[ENH] V1 → V2 API Migration - Tasks #1611

satvshr · 2026-01-09T09:06:07Z

Metadata

Reference Issue: stacks on [ENH] V1 → V2 API Migration - core structure #1576, fixes (towards [ENH] V1 → V2 API Migration #1575)
New Tests Added: No
Documentation Updated: No

ported functions to APIv1

codecov-commenter · 2026-01-09T09:13:33Z

Codecov Report

❌ Patch coverage is 39.76261% with 203 lines in your changes missing coverage.

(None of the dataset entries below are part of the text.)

theorem proposition2:
  fixes y :: "nat \<Rightarrow> nat \<Rightarrow> 'h::real_inner" and m n N :: nat
  assumes "m \<ge> 1" and "n \<ge> 1" and "N > 2 * n"
    and "stationary N m y"
    and "reciprocal N m n y"
  shows "full_rank N m y \<longleftrightarrow> pos_def m (Delta N m y)"
proof -
  define S where "S = comps m y ({0..<N} - {0})"
  have "finite S"
    unfolding S_def by (simp add: finite_comps)
  have Delta_gram: "Delta N m y = (\<lambda>i j. inner (y 0 i - proj S (y 0 i)) (y 0 j - proj S (y 0 j)))"
    unfolding Delta_def conj_proc_def S_def ..
  have "full_rank N m y \<longleftrightarrow>
      (\<forall>c. (\<Sum>t<N. \<Sum>i<m. c t i *\<^sub>R y t i) = 0 \<longrightarrow> (\<forall>i<m. c 0 i = 0))"
    unfolding full_rank_iff_independent using assms(3) by (intro stationary_independent_iff_at_0[OF assms(4)]) simp
  also have "\<dots> \<longleftrightarrow> (\<forall>c. (\<Sum>i<m. c i *\<^sub>R y 0 i) \<in> span S \<longrightarrow> (\<forall>i<m. c i = 0))"
    unfolding S_def using assms(3) by (intro independent_at_iff_not_in_span) simp
  also have "\<dots> \<longleftrightarrow> (\<forall>c. (\<Sum>i<m. c i *\<^sub>R (y 0 i - proj S (y 0 i))) = 0 \<longrightarrow> (\<forall>i<m. c i = 0))"
    unfolding residual_combination_eq_0_iff[OF \<open>finite S\<close>] ..
  also have "\<dots> \<longleftrightarrow> pos_def m (Delta N m y)"
    unfolding Delta_gram pos_def_gram_iff_independent ..
  finally show ?thesis .
qed

end
lemma chordless_cycle_edges:
  assumes "chordless_cycle V E cs"
  shows "cycle_edges E cs = {(u, v) \<in> E. u \<in> set cs \<and> v \<in> set cs}"
proof (intro equalityI subsetI)
  have "0 < length cs" using assms unfolding chordless_cycle_def by linarith
  then have "cs ! (i mod length cs) \<in> set cs" for i by (meson mod_less_divisor nth_mem)
  moreover fix e assume "e \<in> cycle_edges E cs"
  ultimately show "e \<in> {(u, v) \<in> E. u \<in> set cs \<and> v \<in> set cs}"
    unfolding cycle_edges_def by (auto simp: doubleton_eq_iff)
next
  fix e assume "e \<in> {(u, v) \<in> E. u \<in> set cs \<and> v \<in> set cs}"
  then obtain i j where e: "e = (cs ! i, cs ! j)" "e \<in> E" "i < length cs" "j < length cs"
    by (auto simp: in_set_conv_nth)
  then have "j = (i + 1) mod length cs \<or> i = (j + 1) mod length cs"
    using assms unfolding chordless_cycle_def adj_def by blast
  then show "e \<in> cycle_edges E cs"
    using e unfolding cycle_edges_def by blast
qed

lemma has_consistent_chordless_cycle:
  assumes "chordless_cycle V E cs" and "has_consistent V E K n"
  shows "has_consistent (set cs) (cycle_edges E cs) K n"
proof -
  obtain k where k: "consistent V E K n k" using assms(2) unfolding has_consistent_def by blast
  have "set cs \<subseteq> V" using assms(1) unfolding chordless_cycle_def by blast
  moreover have "cycle_edges E cs \<subseteq> E" unfolding cycle_edges_def by blast
  ultimately have "consistent (set cs) (cycle_edges E cs) K n k" by (rule consistent_mono[OF k])
  then show ?thesis unfolding has_consistent_def by blast
qed

lemma Ln_apply_eq_iff:
  assumes "f \<in> Ln n" and "y < n"
  shows "f x = y \<longleftrightarrow> int n dvd int x + int y - int (f 0)"
proof -
  obtain i where "i < n" and f: "f = Lperm n i" using assms(1) unfolding Ln_def by blast
  then have f0: "f 0 = i" by (simp add: Lperm_def)
  have "f x = y \<longleftrightarrow> (int i - int x) mod int n = int y mod int n"
    using assms(2) unfolding f Lperm_def by auto
  also have "\<dots> \<longleftrightarrow> int n dvd - (int x + int y - int i)"
    by (simp add: mod_eq_dvd_iff algebra_simps)
  finally show ?thesis unfolding f0 by (simp only: dvd_minus_iff)
qed

locale Ln_labeled_bipartite_graph =
  fixes V :: "'a set" and E :: "('a \<times> 'a) set" and K :: "'a \<times> 'a \<Rightarrow> nat \<Rightarrow> nat" and n :: nat
    and A :: "'a set"
  assumes n_pos: "1 \<le> n"
    and graph: "oriented_simple_graph V E"
    and sides: "\<forall>(u, v) \<in> E. u \<in> A \<longleftrightarrow> v \<notin> A"
    and labels: "\<forall>e \<in> E. K e \<in> Ln n"
begin

definition sign :: "'a \<Rightarrow> int" where
  "sign u = (if u \<in> A then 1 else -1)"

text \<open>The index i of the label \<pi>_i = K e of the edge e joining u and v, read off as
  \<pi>_i 0 = i.\<close>
definition label :: "'a \<Rightarrow> 'a \<Rightarrow> int" where
  "label u v = int (K (if (u, v) \<in> E then (u, v) else (v, u)) 0)"

definition weight :: "'a \<Rightarrow> 'a \<Rightarrow> int" where
  "weight u v = sign v * label u v"

lemma sign_edge: "(u, v) \<in> E \<Longrightarrow> sign v = - sign u"
  using sides unfolding sign_def by auto

lemma adj_irrefl: "\<not> adj E u u"
  using graph unfolding oriented_simple_graph_def adj_def by blast

lemma weight_antisym:
  assumes "adj E u v"
  shows "weight v u = - weight u v"
proof -
  have "(u, v) \<in> E \<and> (v, u) \<notin> E \<or> (v, u) \<in> E \<and> (u, v) \<notin> E"
    using assms graph unfolding adj_def oriented_simple_graph_def by blast
  then show ?thesis
  proof
    assume "(u, v) \<in> E \<and> (v, u) \<notin> E"
    then show ?thesis unfolding weight_def label_def using sign_edge[of u v] by simp
  next
    assume "(v, u) \<in> E \<and> (u, v) \<notin> E"
    then show ?thesis unfolding weight_def label_def using sign_edge[of v u] by simp
  qed
qed

lemma edge_consistent_iff:
  assumes "(u, v) \<in> E" and "k v < n"
  shows "K (u, v) (k u) = k v \<longleftrightarrow>
    int n dvd sign v * int (k v) - sign u * int (k u) - weight u v"
proof -
  have "sign v * int (k v) - sign u * int (k u) - weight u v =
      sign v * (int (k u) + int (k v) - int (K (u, v) 0))"
    using sign_edge[OF assms(1)] assms(1) unfolding weight_def label_def
    by (simp add: algebra_simps)
  moreover have "int n dvd sign v * d \<longleftrightarrow> int n dvd d" for d
    unfolding sign_def by simp
  ultimately show ?thesis
    using Ln_apply_eq_iff[of "K (u, v)" n "k v" "k u"] labels assms by simp
qed

lemma cycle_weight_dvd_if_consistent:
  assumes "closed_walk (adj E) cs"
    and "consistent (set cs) {(u, v) \<in> E. u \<in> set cs \<and> v \<in> set cs} K n k"
  shows "int n dvd cycle_weight weight cs"
proof (cases "cs = []")
  case True
  then show ?thesis by (simp add: cycle_weight_def)
next
  case False
  define y where "y u = sign u * int (k u)" for u
  have potential: "int n dvd y v - y u - weight u v"
    if "(u, v) \<in> E" "u \<in> set cs" "v \<in> set cs" for u v
  proof -
    have "K (u, v) (k u) = k v" "k v < n"
      using that assms(2) unfolding consistent_def by auto
    then show ?thesis using edge_consistent_iff[of u v k, OF that(1)] unfolding y_def by simp
  qed
  have edge: "int n dvd y b - y a - weight a b"
    if "adj E a b" "a \<in> set cs" "b \<in> set cs" for a b
  proof (cases "(a, b) \<in> E")
    case True
    then show ?thesis using potential that by blast
  next
    case False
    then have "int n dvd y a - y b - weight b a"
      using potential that unfolding adj_def by blast
    moreover have "y a - y b - weight b a = - (y b - y a - weight a b)"
      using weight_antisym[OF that(1)] by simp
    ultimately show ?thesis by (simp only: dvd_minus_iff)
  qed
  have "successively (\<lambda>a b. int n dvd y b - y a - weight a b) (cs @ [hd cs])"
    using assms(1) unfolding closed_walk_def
    by (rule successively_mono) (use edge hd_in_set[OF False] in auto)
  from walk_weight_telescope[OF this] show ?thesis
    using False unfolding cycle_weight_def by simp
qed

lemma consistent_if_potential:
  assumes "\<And>a b. (a, b) \<in> E \<Longrightarrow> int n dvd y b - y a - weight a b"
  shows "has_consistent V E K n"
proof -
  define k where "k u = nat (sign u * y u mod int n)" for u
  have k: "int (k u) = sign u * y u mod int n" for u
    unfolding k_def using n_pos by simp
  have k_less: "k u < n" for u
  proof -
    have "int (k u) < int n" unfolding k using n_pos by simp
    then show ?thesis by simp
  qed
  have k_potential: "int n dvd sign u * int (k u) - y u" for u
  proof -
    have "int n dvd int (k u) - sign u * y u"
      unfolding k by (simp add: mod_eq_dvd_iff[symmetric])
    moreover have "sign u * int (k u) - y u = sign u * (int (k u) - sign u * y u)"
      by (cases "u \<in> A") (simp_all add: sign_def)
    ultimately show ?thesis by simp
  qed
  have "K (u, v) (k u) = k v" if "(u, v) \<in> E" for u v
  proof -
    have "sign v * int (k v) - sign u * int (k u) - weight u v =
        (sign v * int (k v) - y v) - (sign u * int (k u) - y u) + (y v - y u - weight u v)"
      by simp
    then have "int n dvd sign v * int (k v) - sign u * int (k u) - weight u v"
      using k_potential assms[OF that] by (metis dvd_add dvd_diff)
    then show ?thesis using edge_consistent_iff[of u v k, OF that k_less[of v]] by simp
  qed
  then have "consistent V E K n k" unfolding consistent_def using k_less by auto
  then show ?thesis unfolding has_consistent_def by blast
qed
(* The compactified Hilbert modular threefold $X$ has $8$ cusps, and the group $G=SL_2(\mathcal O)/\Gamma(p)$ acts transitively on them.
   Context: Let $w=\zeta_7+\zeta_7^{-1}$ with $\zeta_7=e^{2\pi i/7}$, $K=\mathbb Q(w)$, $\mathcal O=\mathbb Z[w]$, $p=(2-w)$ the prime over $7$. $\Gamma(p)$ is the principal congruence subgroup of $SL_2(\mathcal O)$ of level $p$, acting on $\mathfrak H^3$ through the three real embeddings of $K$. $X$ is the Baily–Borel compactification of $\Gamma(p)\backslash\mathfrak H^3$, obtained by adjoining cusps $\Gamma(p)\backslash\mathbb P^1(K)$. *)

theory Defs
  imports Complex_Main
begin

text \<open>We fix the real embedding w = zeta_7 + zeta_7^{-1} = 2 cos(2 pi/7) and realise
  K = Q(w), O = Z[w] as subsets of the reals (K has degree 3 with basis 1, w, w^2).\<close>

definition w :: real where "w = 2 * cos (2 * pi / 7)"

definition KK :: "real set" where
  "KK = {of_rat a + of_rat b * w + of_rat c * w\<^sup>2 | a b c. True}"

definition OK :: "real set" where
  "OK = {of_int a + of_int b * w + of_int c * w\<^sup>2 | a b c. True}"

definition in_p :: "real \<Rightarrow> bool" where
  "in_p x \<longleftrightarrow> (\<exists>t\<in>OK. x = (2 - w) * t)"

text \<open>A 2x2 matrix (a b; c d) is encoded as the quadruple (a,b,c,d).\<close>
definition SL2O :: "(real \<times> real \<times> real \<times> real) set" where
  "SL2O = {(a,b,c,d). a \<in> OK \<and> b \<in> OK \<and> c \<in> OK \<and> d \<in> OK \<and> a * d - b * c = 1}"

definition Gamma_p :: "(real \<times> real \<times> real \<times> real) set" where
  "Gamma_p = {(a,b,c,d). (a,b,c,d) \<in> SL2O \<and> in_p (a - 1) \<and> in_p b \<and> in_p c \<and> in_p (d - 1)}"

text \<open>Linear action of a matrix on a column vector (x,y); on P^1 this is z \<mapsto> (az+b)/(cz+d).\<close>
fun mvec :: "real \<times> real \<times> real \<times> real \<Rightarrow> real \<times> real \<Rightarrow> real \<times> real" where
  "mvec (a,b,c,d) (x,y) = (a * x + b * y, c * x + d * y)"

definition K2nz :: "(real \<times> real) set" where
  "K2nz = (KK \<times> KK) - {(0,0)}"

definition proj_rel :: "((real \<times> real) \<times> (real \<times> real)) set" where
  "proj_rel = {((x,y),(x',y')). (x,y) \<in> K2nz \<and> (x',y') \<in> K2nz \<and>
                  (\<exists>k\<in>KK. k \<noteq> 0 \<and> x' = k * x \<and> y' = k * y)}"

definition P1K :: "(real \<times> real) set set" where
  "P1K = K2nz // proj_rel"

definition act :: "real \<times> real \<times> real \<times> real \<Rightarrow> (real \<times> real) set \<Rightarrow> (real \<times> real) set" where
  "act g P = mvec g ` P"

definition cusp_rel :: "((real \<times> real) set \<times> (real \<times> real) set) set" where
  "cusp_rel = {(P,Q). P \<in> P1K \<and> Q \<in> P1K \<and> (\<exists>g\<in>Gamma_p. Q = act g P)}"

definition cusps :: "(real \<times> real) set set set" where
  "cusps = P1K // cusp_rel"

end

theory Submission
  imports Defs
begin
lemma cos_pi_div_le:
  assumes "p \<ge> 3"
  shows "cos (pi / p) \<le> 1 - 1 / (real p)\<^sup>2"
proof -
  define y where "y = pi / (2 * p)"
  have "0 < y" and "y \<le> 67 / 100"
    using assms pi_less_4 by (auto simp: y_def field_simps)
  hence "y\<^sup>2 \<le> (67 / 100)\<^sup>2" by (intro power_mono) auto
  hence "(925 / 1000) * y \<le> y - y ^ 3 / 6"
    using \<open>0 < y\<close> by (simp add: power2_eq_square power3_eq_cube field_simps)
  hence "(925 / 1000) * y \<le> sin y" using sin_ge_cubic[of y] \<open>0 < y\<close> by simp
  hence "((925 / 1000) * y)\<^sup>2 \<le> (sin y)\<^sup>2" using \<open>0 < y\<close> by (intro power_mono) auto
  moreover have "cos (pi / p) = 1 - 2 * (sin y)\<^sup>2"
    using cos_double_sin[of y] by (simp add: y_def)
  moreover have "4 \<le> pi * pi" using pi_ge_two mult_mono[of 2 pi 2 pi] by simp
  hence "1 / (real p)\<^sup>2 \<le> 2 * ((925 / 1000) * y)\<^sup>2"
    using assms by (simp add: y_def power2_eq_square field_simps)
  ultimately show ?thesis by linarith
qed

lemma cos_pi_div_power_le:
  assumes "p \<ge> 3"
  shows "cos (pi / p) ^ N \<le> exp (- real N / (real p)\<^sup>2)"
proof -
  have "0 \<le> cos (pi / p)" using assms by (intro cos_pi_div_nonneg) simp
  moreover have "cos (pi / p) \<le> exp (- (1 / (real p)\<^sup>2))"
    using cos_pi_div_le[OF assms] exp_ge_add_one_self[of "- (1 / (real p)\<^sup>2)"] by linarith
  ultimately have "cos (pi / p) ^ N \<le> exp (- (1 / (real p)\<^sup>2)) ^ N" by (simp add: power_mono)
  thus ?thesis by (simp flip: exp_of_nat_mult)
qed

lemma tv_dist_psi_le:
  assumes "odd p" and "p \<ge> 3" and "m \<ge> 1"
  shows "tv_dist (D * m + 1) (meas_prob (D * m + 1) (psi p m D)) (target_dist p (D * m + 1))
           \<le> 1 / 2 - 1 / pi + 1 / (2 * p) + p / 2 * cos (pi / p) ^ (D * m)"
proof -
  define N where "N = D * m"
  define S where "S = (\<Sum>x\<in>bits N. majmod_bias p (hw x mod p))"
  define T where "T = (\<Sum>r<p. majmod_bias p r)"
  have "S \<ge> 2 ^ N / p * T - p * (2 * cos (pi / p)) ^ N"
    unfolding S_def T_def using assms(2) abs_majmod_bias_le by (intro sum_bits_hw_mod_ge) auto
  hence "S / 2 ^ (N + 1) \<ge> T / (2 * p) - p / 2 * cos (pi / p) ^ N"
    using assms(2) by (simp add: field_simps)
  moreover have "T / (2 * p) \<ge> (2 * real p / pi - 1) / (2 * p)"
    using sum_majmod_bias_ge[OF assms(1,2)] by (simp add: T_def divide_right_mono)
  moreover have "(2 * real p / pi - 1) / (2 * p) = 1 / pi - 1 / (2 * p)"
    using assms(2) by (simp add: field_simps)
  ultimately show ?thesis
    using tv_dist_psi[OF assms(3), of p D] assms(2) by (simp add: N_def S_def)
qed

lemma cos_pi_div_power_tail_le:
  assumes "p \<ge> 3"
  shows "p / 2 * cos (pi / p) ^ N \<le> 2 * p powr (3 / 2) * exp (- real (N + 1) / (real p)\<^sup>2)"
proof -
  define E where "E = exp (- real (N + 1) / (real p)\<^sup>2)"
  have "exp (1 / (real p)\<^sup>2) \<le> exp 1"
    using assms by (simp add: field_simps)
  hence "exp (1 / (real p)\<^sup>2) \<le> 3" using exp_le by linarith
  have "cos (pi / p) ^ N \<le> exp (1 / (real p)\<^sup>2) * E"
    using cos_pi_div_power_le[OF assms, of N] assms
    by (simp add: E_def add_divide_distrib diff_divide_distrib flip: exp_add)
  also have "\<dots> \<le> 3 * E"
    using \<open>exp (1 / (real p)\<^sup>2) \<le> 3\<close> by (intro mult_right_mono) (auto simp: E_def)
  finally have "p / 2 * cos (pi / p) ^ N \<le> p / 2 * (3 * E)" by (rule mult_left_mono) simp
  moreover have "real p * E \<le> real p powr (3 / 2) * E"
    using assms powr_mono[of 1 "3 / 2" "real p"] by (intro mult_right_mono) (auto simp: E_def)
  moreover have "0 \<le> real p powr (3 / 2) * E" by (simp add: E_def)
  ultimately show ?thesis unfolding E_def by linarith
qed

theorem corollary4p5:
  shows "\<exists>C::real. \<forall>(p::nat) (m::nat) (D::nat).
           prime p \<and> odd p \<and> m \<ge> 1 \<and> D \<ge> 1 \<longrightarrow>
           (let n = D * m + 1 in
              tv_dist n (meas_prob n (psi p m D)) (target_dist p n)
                \<le> 1/2 - 1/pi + 1 / (2 * real p)
                   + C * real p powr (3/2) * exp (- real n / (real p)\<^sup>2))"
proof (intro exI[of _ 2] allI impI)
  fix p m D :: nat
  assume "prime p \<and> odd p \<and> m \<ge> 1 \<and> D \<ge> 1"
  hence "odd p" and "m \<ge> 1" and "p \<ge> 3"
    using prime_ge_2_nat[of p] by (auto simp: le_less numeral_eq_Suc)
  thus "let n = D * m + 1 in tv_dist n (meas_prob n (psi p m D)) (target_dist p n)
      \<le> 1/2 - 1/pi + 1 / (2 * real p) + 2 * real p powr (3/2) * exp (- real n / (real p)\<^sup>2)"
    using tv_dist_psi_le[of p m D] cos_pi_div_power_tail_le[of p "D * m"]
    unfolding Let_def by linarith
qed

end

Please review.
✅ Project coverage is 44.94%. Comparing base (99928f8) to head (1b19c08).

Files with missing lines	Patch %	Lines
openml/_api/resources/tasks.py	13.01%	147 Missing ⚠️
openml/_api/http/client.py	46.37%	37 Missing ⚠️
openml/_api/runtime/core.py	77.77%	6 Missing ⚠️
openml/_api/runtime/fallback.py	0.00%	6 Missing ⚠️
openml/_api/resources/datasets.py	77.77%	2 Missing ⚠️
openml/tasks/functions.py	60.00%	2 Missing ⚠️
openml/_api/__init__.py	75.00%	1 Missing ⚠️
openml/_api/config.py	96.87%	1 Missing ⚠️
openml/tasks/task.py	0.00%	1 Missing ⚠️

Additional details and impacted files

@@            Coverage Diff             @@
##             main    #1611      +/-   ##
==========================================
- Coverage   52.75%   44.94%   -7.82%     
==========================================
  Files          36       46      +10     
  Lines        4333     4508     +175     
==========================================
- Hits         2286     2026     -260     
- Misses       2047     2482     +435

☔ View full report in Codecov by Sentry.
📢 Have feedback on the report? Share it here.

🚀 New features to boost your workflow:

❄️ Test Analytics: Detect flaky tests, report on failures, and find test suite problems.

for more information, see https://pre-commit.ci

geetu040

From a high-level review, I noticed a few points that need adjustment:

Caching can likely be removed from the SDK, since these concerns should be handled by the base client.
I don't see the api_context being used in tasks/functions, so it's not clear to me how the SDK is actually using the new API interface here.
Instead of moving entire methods out of tasks/functions.py, it would be better to stick to the goal of minimal SDK changes while enabling v2 support.
API calls should be updated at the specific root functions (for example _get_task_description, OpenMLTask._download_split).
For listing tasks, please follow the approach discussed in #1575 comment.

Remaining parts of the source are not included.